(* Let $p$ be an odd prime, let $v$ be an integer with $1<v<p-1$, let $g\in\{2,\dots,p-1\}$ be a primitive root modulo $p$, let $t\ge1$ and $b\in\{0,\dots,v-1\}$. Let $$\rho(b,t)=\#\{i\in[1,p-1]:\ g^i\,\%\,p\not\equiv b,\ g^{i+t+1}\,\%\,p\not\equiv b,\ g^{i+j}\,\%\,p\equiv b\ (1\le j\le t)\},$$ all congruences modulo $v$. Write $p=q_t g^t+r_t$ and $p=q_{t+1}g^{t+1}+r_{t+1}$ with $0\le r_t<g^t$, $0\le r_{t+1}<g^{t+1}$. Then $$\left\lfloor\tfrac{g}{v}\right\rfloor^{t-1}\left\lfloor\tfrac{(v-1)g}{v}\right\rfloor\left\lfloor\tfrac{q_t}{v}\right\rfloor-\left\lceil\tfrac{g}{v}\right\rceil^{t}\left\lceil\tfrac{(v-1)g}{v}\right\rceil\left\lceil\tfrac{q_{t+1}+1}{v}\right\rceil\ \le\ \rho(b,t)\ \le\ \left\lceil\tfrac{g}{v}\right\rceil^{t-1}\left\lceil\tfrac{(v-1)g}{v}\right\rceil\left\lceil\tfrac{q_t+1}{v}\right\rceil-\left\lfloor\tfrac{g}{v}\right\rfloor^{t}\left\lfloor\tfrac{(v-1)g}{v}\right\rfloor\left\lfloor\tfrac{q_{t+1}}{v}\right\rfloor.$$
   Context: $x\,\%\,p$ denotes the least nonnegative remainder of the integer $x$ modulo $p$. $\rho(b,t)$ counts runs of length exactly $t$ of symbol $b$ in the periodic sequence $((g^i\,\%\,p)\,\%\,v)_i$. *)

theory Defs
  imports Complex_Main "HOL-Number_Theory.Number_Theory"
begin

definition rho :: "nat \<Rightarrow> nat \<Rightarrow> nat \<Rightarrow> nat \<Rightarrow> nat \<Rightarrow> nat" where
  "rho p g v b t = card {i \<in> {1..p-1}.
      (g ^ i mod p) mod v \<noteq> b \<and>
      (g ^ (i + t + 1) mod p) mod v \<noteq> b \<and>
      (\<forall>j \<in> {1..t}. (g ^ (i + j) mod p) mod v = b)}"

- - -

**Problem requirements:** Only the lines from the first line of the records through the line with "(g ^ i mod p) mod v \<noteq> b \<and>" should be reproduced, exactly and with nothing added.

**Exercise solution:**
(* Let $p$ be an odd prime, let $v$ be an integer with $1<v<p-1$, let $g\in\{2,\dots,p-1\}$ be a primitive root modulo $p$, let $t\ge1$ and $b\in\{0,\dots,v-1\}$. Let $$\rho(b,t)=\#\{i\in[1,p-1]:\ g^i\,\%\,p\not\equiv b,\ g^{i+t+1}\,\%\,p\not\equiv b,\ g^{i+j}\,\%\,p\equiv b\ (1\le j\le t)\},$$ all congruences modulo $v$. Write $p=q_t g^t+r_t$ and $p=q_{t+1}g^{t+1}+r_{t+1}$ with $0\le r_t<g^t$, $0\le r_{t+1}<g^{t+1}$. Then $$\left\lfloor\tfrac{g}{v}\right\rfloor^{t-1}\left\lfloor\tfrac{(v-1)g}{v}\right\rfloor\left\lfloor\tfrac{q_t}{v}\right\rfloor-\left\lceil\tfrac{g}{v}\right\rceil^{t}\left\lceil\tfrac{(v-1)g}{v}\right\rceil\left\lceil\tfrac{q_{t+1}+1}{v}\right\rceil\ \le\ \rho(b,t)\ \le\ \left\lceil\tfrac{g}{v}\right\rceil^{t-1}\left\lceil\tfrac{(v-1)g}{v}\right\rceil\left\lceil\tfrac{q_t+1}{v}\right\rceil-\left\lfloor\tfrac{g}{v}\right\rfloor^{t}\left\lfloor\tfrac{(v-1)g}{v}\right\rfloor\left\lfloor\tfrac{q_{t+1}}{v}\right\rfloor.$$
   Context: $x\,\%\,p$ denotes the least nonnegative remainder of the integer $x$ modulo $p$. $\rho(b,t)$ counts runs of length exactly $t$ of symbol $b$ in the periodic sequence $((g^i\,\%\,p)\,\%\,v)_i$. *)

theory Defs
  imports Complex_Main "HOL-Number_Theory.Number_Theory"
begin

definition rho :: "nat \<Rightarrow> nat \<Rightarrow> nat \<Rightarrow> nat \<Rightarrow> nat \<Rightarrow> nat" where
  "rho p g v b t = card {i \<in> {1..p-1}.
      (g ^ i mod p) mod v \<noteq> b \<and>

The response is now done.